If you listen to the language Walsh uses in the video, it seems her target demographic at the onset will be the college graduates, both indoor and on the beach. Walsh is an icon, the matriarch of American women’s beach volleyball. She has massive appeal and she should. Dispute that if you’d like, but poll 100 high school and college girls on whom their volleyball role model is, and I’d expect no less than 60 percent to point to Walsh, the other 40 divvied up between April Ross and Misty May-Treanor, maybe a Holly McPeak and Jen Kessy thrown in there.
What tour do you think college girls will look to? The one where they can compete against and meet their idol? Or the AVP?
I don’t know. It’ll be an interesting battleground. Walsh has enormous appeal as the most recognizable name in beach volleyball. Sun has his own business sense, the credibility of the AVP name, a three-year streaming deal with one of the strongest brands in the American economy, and all of the top talent in the country who seem to be very much in support of the AVP.
Walsh’s tour — I’m curious as to what it’ll be called — is the one with the uphill battle. There isn’t a ton of money to go around in this space, and even if Walsh remains the most recognizable name in the game, I wonder how much confidence sponsors will have in investing their money into a fledgling tour in a notoriously volatile sport where the biggest appeal is an aging, injury-prone athlete. Last year, the NVL hinged on Walsh’s ability to stay healthy. She didn’t, and the NVL subsequently tanked.
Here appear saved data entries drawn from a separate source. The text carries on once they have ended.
text \<open>Extended expectation: E^mu[g] = int g_+ dmu - int g_- dmu, with
  +inf - a = +inf and b - (+inf) = -inf for finite b.  Note e2ennreal (g x) = g_+(x).\<close>
definition ext_expect :: "'a measure \<Rightarrow> ('a \<Rightarrow> ereal) \<Rightarrow> ereal" where
  "ext_expect \<mu> g =
     (let a = enn2ereal (\<integral>\<^sup>+ x. e2ennreal (g x) \<partial>\<mu>);
          b = enn2ereal (\<integral>\<^sup>+ x. e2ennreal (- g x) \<partial>\<mu>)
      in if a = \<infinity> then \<infinity> else a - b)"

definition weak_conv_metric :: "(nat \<Rightarrow> 'a::metric_space measure) \<Rightarrow> 'a measure \<Rightarrow> bool" where
  "weak_conv_metric Pn P \<longleftrightarrow>
     (\<forall>\<phi> :: 'a \<Rightarrow> real. continuous_on UNIV \<phi> \<and> bounded (range \<phi>) \<longrightarrow>
        (\<lambda>n. integral\<^sup>L (Pn n) \<phi>) \<longlonglongrightarrow> integral\<^sup>L P \<phi>)"

text \<open>liminf_{(nu,zeta) -> (+inf, xi)} h^nu(zeta)
  = lim_{delta down 0} lim_{N->inf} inf { h^nu(zeta) : nu >= N, d(zeta,xi) < delta }.\<close>
definition epi_liminf :: "(nat \<Rightarrow> 'a::metric_space \<Rightarrow> ereal) \<Rightarrow> 'a \<Rightarrow> ereal" where
  "epi_liminf h \<xi> =
     Lim (at_right (0::real))
       (\<lambda>\<delta>. lim (\<lambda>N. Inf {h \<nu> \<zeta> | \<nu> \<zeta>. \<nu> \<ge> N \<and> dist \<zeta> \<xi> < \<delta>}))"

end

(*
  For k = 1, 2, ... let F_k be the k-Lipschitz inf-convolution of
  zeta |-> inf_{nu >= k} min ((h nu zeta)_+, k). Each F_k is bounded, continuous and
  below (h nu)_+ for nu >= k, so weak convergence gives
  E^P[F_k] <= liminf_nu E^{P nu}[(h nu)_+]; moreover (epi_liminf h)_+ <= liminf_k F_k
  pointwise, and Fatou's lemma yields
  E^P[(epi_liminf h)_+] <= liminf_nu E^{P nu}[(h nu)_+].
  The uniform integrability hypothesis bounds the negative parts E^{P nu}[(h nu)_-]
  eventually, so the right-hand side is finite as soon as liminf_nu E^{P nu}[h nu] is.
*)

theory Submission
  imports Defs
begin
lemma Delta_id_tensor_dual: "Delta (id_tensor_dual \<alpha> z) = id_id_dual \<alpha> (reassoc (tmap Delta (\<lambda>x. x) z))"
proof (rule linear_eq_on_basis[of _ _ z])
  show "is_linear (\<lambda>z. Delta (id_tensor_dual \<alpha> z))"
    by (rule linear_comp[OF Delta_linear id_tensor_dual_linear])
  show "is_linear (\<lambda>z. id_id_dual \<alpha> (reassoc (tmap Delta (\<lambda>x. x) z)))"
    by (rule linear_comp[OF id_id_dual_linear linear_comp[OF reassoc_linear tmap_linear]])
  show "Delta (id_tensor_dual \<alpha> (bas p)) = id_id_dual \<alpha> (reassoc (tmap Delta (\<lambda>x. x) (bas p)))" for p
    by (cases p) (simp add: Delta_single reassoc_tens id_id_dual_tens_right)
qed

lemma tmap_id_tensor_dual_Delta:
  "tmap (\<lambda>x. x) (\<lambda>x. id_tensor_dual \<alpha> (Delta x)) z = id_id_dual \<alpha> (tmap (\<lambda>x. x) Delta z)"
proof -
  have tens_id_tensor_dual: "tens (bas a) (id_tensor_dual \<alpha> Y) = id_id_dual \<alpha> (tens (bas a) Y)" for a Y
    by (rule linear_eq_on_basis[OF linear_comp[OF tens_linear2 id_tensor_dual_linear]
          linear_comp[OF id_id_dual_linear tens_linear2]]) (auto simp: tens_single)
  show ?thesis
    by (rule linear_eq_on_basis[OF tmap_linear linear_comp[OF id_id_dual_linear tmap_linear]])
       (auto simp: tens_id_tensor_dual simp del: Delta_bas)
qed

text \<open>\<open>delta \<alpha>\<close> is a 1-cocycle:
  \<open>Delta \<circ> delta \<alpha> = delta \<alpha> \<otimes> 1 + (id \<otimes> delta \<alpha>) \<circ> Delta\<close>; this is where coassociativity is used.\<close>
lemma delta_cocycle: "Delta (delta \<alpha> x) = tens (delta \<alpha> x) 1 + tmap (\<lambda>x. x) (delta \<alpha>) (Delta x)"
proof -
  have lin: "is_linear (\<lambda>x. id_tensor_dual \<alpha> (Delta x))"
    by (rule linear_comp[OF id_tensor_dual_linear Delta_linear])
  have Delta_unit: "Delta (unit_dual \<alpha> x) = tens (unit_dual \<alpha> x) 1"
    by (simp add: unit_dual_dapply Delta_single tens_single_one zero_prod_def cop_forest_def)
  have tmap_unit: "tmap (\<lambda>x. x) (unit_dual \<alpha>) z = tens (id_tensor_dual \<alpha> z) 1" for z
    by (rule linear_eq_on_basis[OF tmap_linear linear_comp[OF tens_linear1 id_tensor_dual_linear]])
       (auto simp: unit_dual_def tens_single tens_single_one)
  have delta_fun: "delta \<alpha> = (\<lambda>x. id_tensor_dual \<alpha> (Delta x) - unit_dual \<alpha> x)"
    by (rule ext) (simp add: delta_unfold)
  have "Delta (delta \<alpha> x) = tmap (\<lambda>x. x) (\<lambda>x. id_tensor_dual \<alpha> (Delta x)) (Delta x) - tens (unit_dual \<alpha> x) 1"
    by (simp add: delta_unfold linear_diff[OF Delta_linear] Delta_id_tensor_dual coassoc
        tmap_id_tensor_dual_Delta Delta_unit)
  also have "\<dots> = tens (delta \<alpha> x) 1 + tmap (\<lambda>x. x) (delta \<alpha>) (Delta x)"
    unfolding delta_fun tmap_id_diff[OF lin unit_dual_linear] tmap_unit by (simp add: tens_diff1)
  finally show ?thesis .
qed

text \<open>\<open>B_+\<close> is a 1-cocycle (this is the defining recursion of \<open>Delta\<close>).\<close>
lemma Bplus_cocycle: "Delta (Bplus y) = tens (Bplus y) 1 + tmap (\<lambda>x. x) Bplus (Delta y)"
  by (rule linear_eq_on_basis[OF linear_comp[OF Delta_linear Bplus_linear]
        linear_plus[OF linear_comp[OF tens_linear1 Bplus_linear] linear_comp[OF tmap_linear Delta_linear]]])
     (simp add: Delta_tree tens_bas_one id_tensor_Bplus_tmap zero_prod_def del: Delta_bas)

lemma Bplus_delta_cocycle:
  "Delta (Bplus_delta \<alpha> y) = tens (Bplus_delta \<alpha> y) 1 + tmap (\<lambda>x. x) (Bplus_delta \<alpha>) (Delta y)"
  unfolding Bplus_delta_def[abs_def]
  by (simp add: linear_add[OF Delta_linear] Bplus_cocycle delta_cocycle tens_add1
      tmap_id_add[OF Bplus_linear delta_linear])

text \<open>\<open>phi\<close> of a 1-cocycle is compatible with the coproduct; checked on trees by induction.\<close>
lemma theta_Delta: "Delta (theta \<alpha> x) = tmap (theta \<alpha>) (theta \<alpha>) (Delta (x :: 'k::comm_ring_1 H))"
proof -
  have m1: "mult_map (\<lambda>x. Delta (theta \<alpha> x))" by (rule mult_map_comp[OF Delta_mult theta_mult])
  have m2: "mult_map (\<lambda>x. tmap (theta \<alpha>) (theta \<alpha>) (Delta x))"
    by (rule mult_map_comp[OF tmap_mult_map[OF theta_mult theta_mult] Delta_mult])
  have theta_Bplus_fun: "(\<lambda>x. theta \<alpha> (Bplus x)) = (\<lambda>x. Bplus_delta \<alpha> (theta \<alpha> x))"
    by (rule ext) (rule theta_Bplus)
  have "(\<lambda>x. Delta (theta \<alpha> x)) = (\<lambda>x. tmap (theta \<alpha>) (theta \<alpha>) (Delta x))"
  proof (rule mult_map_eq_trees[OF m1 m2])
    fix T show "Delta (theta \<alpha> (bas {#T#})) = tmap (theta \<alpha>) (theta \<alpha>) (Delta (bas {#T#} :: 'k H))"
    proof (induction T)
      case (Node ts)
      have IH: "Delta (theta \<alpha> (bas ts)) = tmap (theta \<alpha>) (theta \<alpha>) (Delta (bas ts :: 'k H))"
        using mult_map_eq_forest[OF m1 m2, of ts] Node by simp
      have "Delta (theta \<alpha> (bas {#Node ts#})) = Delta (Bplus_delta \<alpha> (theta \<alpha> (bas ts)))"
        using theta_Bplus[of \<alpha> "bas ts"] by simp
      also have "\<dots> = tens (theta \<alpha> (bas {#Node ts#})) 1 + tmap (theta \<alpha>) (\<lambda>x. Bplus_delta \<alpha> (theta \<alpha> x)) (Delta (bas ts))"
        unfolding Bplus_delta_cocycle IH
        by (simp add: tmap_comp[OF linear_id Bplus_delta_linear] flip: theta_Bplus)
      also have "\<dots> = tmap (theta \<alpha>) (theta \<alpha>) (Delta (bas {#Node ts#}))"
        by (simp add: Delta_tree linear_add[OF tmap_linear] id_tensor_Bplus_tmap tmap_comp[OF theta_linear theta_linear]
             mult_map_one[OF theta_mult] tens_bas_one zero_prod_def flip: theta_Bplus_fun del: Delta_bas)
      finally show ?case .
    qed
  qed
  then show ?thesis by metis
qed
(* Let $\Sigma=(I,X,\mathcal U,\phi,Y,h)$ be a forward complete control system with outputs. Then the following are equivalent: (1) $\Sigma$ is ISS and $h$ is $\mathcal K$-bounded; (2) $\Sigma$ is IOS and IOSS.
   Context: Let $I\in\{\mathbb N_0,\mathbb R_0^+\}$. A forward complete control system with outputs $\Sigma=(I,X,\mathcal U,\phi,Y,h)$ consists of: a normed space $(X,\|\cdot\|_X)$; a vector space $U$ and a normed linear subspace $(\mathcal U,\|\cdot\|_{\mathcal U})$ of $\{u:I\to U\}$ such that for all $u\in\mathcal U,\tau\in I$, $u(\cdot+\tau)\in\mathcal U$ with $\|u(\cdot+\tau)\|_{\mathcal U}\le\|u\|_{\mathcal U}$, and for $t_2\ge t_1\ge 0$ the function $u|_{[t_1,t_2]}$ ($u$ on $[t_1,t_2]$, $0$ elsewhere) lies in $\mathcal U$ with $\|u|_{[t_1,t_2]}\|_{\mathcal U}\le\|u\|_{\mathcal U}$; a map $\phi:I\times X\times\mathcal U\to X$ with $\phi(0,x,u)=x$, causality (if $u,\tilde u$ agree on $[0,t]$ then $\phi(t,x,u)=\phi(t,x,\tilde u)$), and cocycle property $\phi(t+s,x,u)=\phi(s,\phi(t,x,u),u(t+\cdot))$; a normed space $Y$ and $h:X\times U\to Y$. Write $y(t,x,u)=h(\phi(t,x,u),u(t))$. $\mathcal K,\mathcal K_\infty,\mathcal{KL}$ are the standard comparison function classes. ISS: $\exists\beta\in\mathcal{KL},\gamma\in\mathcal K_\infty$ with $\|\phi(t,x,u)\|_X\le\beta(\|x\|_X,t)+\gamma(\|u\|_{\mathcal U})$ for all $x\in X,u\in\mathcal U,t\in I$. IOS: $\exists\beta\in\mathcal{KL},\gamma\in\mathcal K_\infty$ with $\|y(t,x,u)\|_Y\le\beta(\|x\|_X,t)+\gamma(\|u\|_{\mathcal U})$ for all $x,u,t$. IOSS: $\exists\beta\in\mathcal{KL},\gamma_1,\gamma_2\in\mathcal K$ with $\|\phi(t,x,u)\|_X\le\beta(\|x\|_X,t)+\gamma_1(\|u|_{[0,t]}\|_{\mathcal U})+\gamma_2(\sup_{s\in[0,t]}\|y(s,x,u)\|_Y)$ for all $x,u,t$. $h$ is $\mathcal K$-bounded: there exist $\sigma_1,\gamma_1\in\mathcal K$ with $\|h(x,u(0))\|_Y\le\sigma_1(\|x\|_X)+\gamma_1(\|u\|_{\mathcal U})$ for all $x\in X,u\in\mathcal U$. *)

theory Defs
  imports "HOL-Analysis.Analysis"
begin

definition class_K :: "(real \<Rightarrow> real) \<Rightarrow> bool" where
  "class_K \<gamma> \<longleftrightarrow> continuous_on {0..} \<gamma> \<and> strict_mono_on {0..} \<gamma> \<and> \<gamma> 0 = 0"

definition class_Kinf :: "(real \<Rightarrow> real) \<Rightarrow> bool" where
  "class_Kinf \<gamma> \<longleftrightarrow> class_K \<gamma> \<and> filterlim \<gamma> at_top at_top"

definition class_KL :: "(real \<Rightarrow> real \<Rightarrow> real) \<Rightarrow> bool" where
  "class_KL \<beta> \<longleftrightarrow>
     (\<forall>t\<ge>0. class_K (\<lambda>r. \<beta> r t)) \<and>
     (\<forall>r\<ge>0. antimono_on {0..} (\<lambda>t. \<beta> r t) \<and> ((\<lambda>t. \<beta> r t) \<longlongrightarrow> 0) at_top)"

text \<open>Time axis I: if disc then I = N_0 (embedded in the reals), else I = [0,\<infinity>).
  Inputs are functions real => 'u that vanish outside I.\<close>

definition time_set :: "bool \<Rightarrow> real set" where
  "time_set disc = (if disc then range real else {0..})"

definition shift_inp :: "bool \<Rightarrow> (real \<Rightarrow> 'u::real_vector) \<Rightarrow> real \<Rightarrow> real \<Rightarrow> 'u" where
  "shift_inp disc u \<tau> = (\<lambda>s. if s \<in> time_set disc then u (s + \<tau>) else 0)"

definition restr_inp :: "(real \<Rightarrow> 'u::real_vector) \<Rightarrow> real \<Rightarrow> real \<Rightarrow> real \<Rightarrow> 'u" where
  "restr_inp u t1 t2 = (\<lambda>s. if t1 \<le> s \<and> s \<le> t2 then u s else 0)"

definition control_system ::
  "bool \<Rightarrow> (real \<Rightarrow> 'u::real_vector) set \<Rightarrow> ((real \<Rightarrow> 'u) \<Rightarrow> real)
   \<Rightarrow> (real \<Rightarrow> 'x::real_normed_vector \<Rightarrow> (real \<Rightarrow> 'u) \<Rightarrow> 'x) \<Rightarrow> bool" where
  "control_system disc Uc nU \<phi> \<longleftrightarrow>
     \<comment> \<open>inputs are functions on I (zero outside I)\<close>
     (\<forall>u\<in>Uc. \<forall>s. s \<notin> time_set disc \<longrightarrow> u s = 0) \<and>
     \<comment> \<open>Uc is a linear subspace\<close>
     (\<lambda>s. 0) \<in> Uc \<and>
     (\<forall>u\<in>Uc. \<forall>v\<in>Uc. (\<lambda>s. u s + v s) \<in> Uc) \<and>
     (\<forall>u\<in>Uc. \<forall>c. (\<lambda>s. c *\<^sub>R u s) \<in> Uc) \<and>
     \<comment> \<open>nU is a norm on Uc\<close>
     (\<forall>u\<in>Uc. 0 \<le> nU u) \<and>
     (\<forall>u\<in>Uc. nU u = 0 \<longleftrightarrow> u = (\<lambda>s. 0)) \<and>
     (\<forall>u\<in>Uc. \<forall>c. nU (\<lambda>s. c *\<^sub>R u s) = \<bar>c\<bar> * nU u) \<and>
     (\<forall>u\<in>Uc. \<forall>v\<in>Uc. nU (\<lambda>s. u s + v s) \<le> nU u + nU v) \<and>
     \<comment> \<open>shift invariance\<close>
     (\<forall>u\<in>Uc. \<forall>\<tau>\<in>time_set disc.
        shift_inp disc u \<tau> \<in> Uc \<and> nU (shift_inp disc u \<tau>) \<le> nU u) \<and>
     \<comment> \<open>restriction (concatenation with zero)\<close>
     (\<forall>u\<in>Uc. \<forall>t1 t2. 0 \<le> t1 \<longrightarrow> t1 \<le> t2 \<longrightarrow>
        restr_inp u t1 t2 \<in> Uc \<and> nU (restr_inp u t1 t2) \<le> nU u) \<and>
     \<comment> \<open>identity property\<close>
     (\<forall>x. \<forall>u\<in>Uc. \<phi> 0 x u = x) \<and>
     \<comment> \<open>causality\<close>
     (\<forall>t\<in>time_set disc. \<forall>x. \<forall>u\<in>Uc. \<forall>v\<in>Uc.
        (\<forall>s\<in>time_set disc. s \<le> t \<longrightarrow> u s = v s) \<longrightarrow> \<phi> t x u = \<phi> t x v) \<and>
     \<comment> \<open>cocycle property\<close>
     (\<forall>t\<in>time_set disc. \<forall>s\<in>time_set disc. \<forall>x. \<forall>u\<in>Uc.
        \<phi> (t + s) x u = \<phi> s (\<phi> t x u) (shift_inp disc u t))"

definition out :: "(real \<Rightarrow> 'x \<Rightarrow> (real \<Rightarrow> 'u) \<Rightarrow> 'x) \<Rightarrow> ('x \<Rightarrow> 'u \<Rightarrow> 'y)
                   \<Rightarrow> real \<Rightarrow> 'x \<Rightarrow> (real \<Rightarrow> 'u) \<Rightarrow> 'y" where
  "out \<phi> h t x u = h (\<phi> t x u) (u t)"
“Unfortunately, Kerri got injured and it kind of changed the tide,” Al-B Hannemann, the NVL’s founder, told me the day after it canceled the season. “For a number of reasons, ABC unfortunately wanted to have Kerri, and not that that was their sole motivation to be involved in beach volleyball, but Kerri pulls more weight than anybody in the sport, and when that happened, a lot of the footprints and the interest and the excitement, unfortunately, really changed.”
Hopefully that wouldn’t happen again, but athletes are athletes. Point is: If this new tour is going to be sustainable for years down the road, Walsh playing on it can’t be the cornerstone upon which it’s built, or it will be built to fail. It would be tantamount to the NFL banking on Tom Brady. Which is why I think it’ll come down to the aspiring college graduates, who aren’t tethered to a contract, who will be entering the professional ranks in waves, who now might have a decision to make:
The AVP or Kerri Walsh?
We’ll see what happens as more details come out. Jennings said on Monday night that more information — all the details we would expect — will be released after the holidays, sometime in January. For now, all we can do is wait for those details to emerge, and watch as the beach volleyball landscape continues to shift.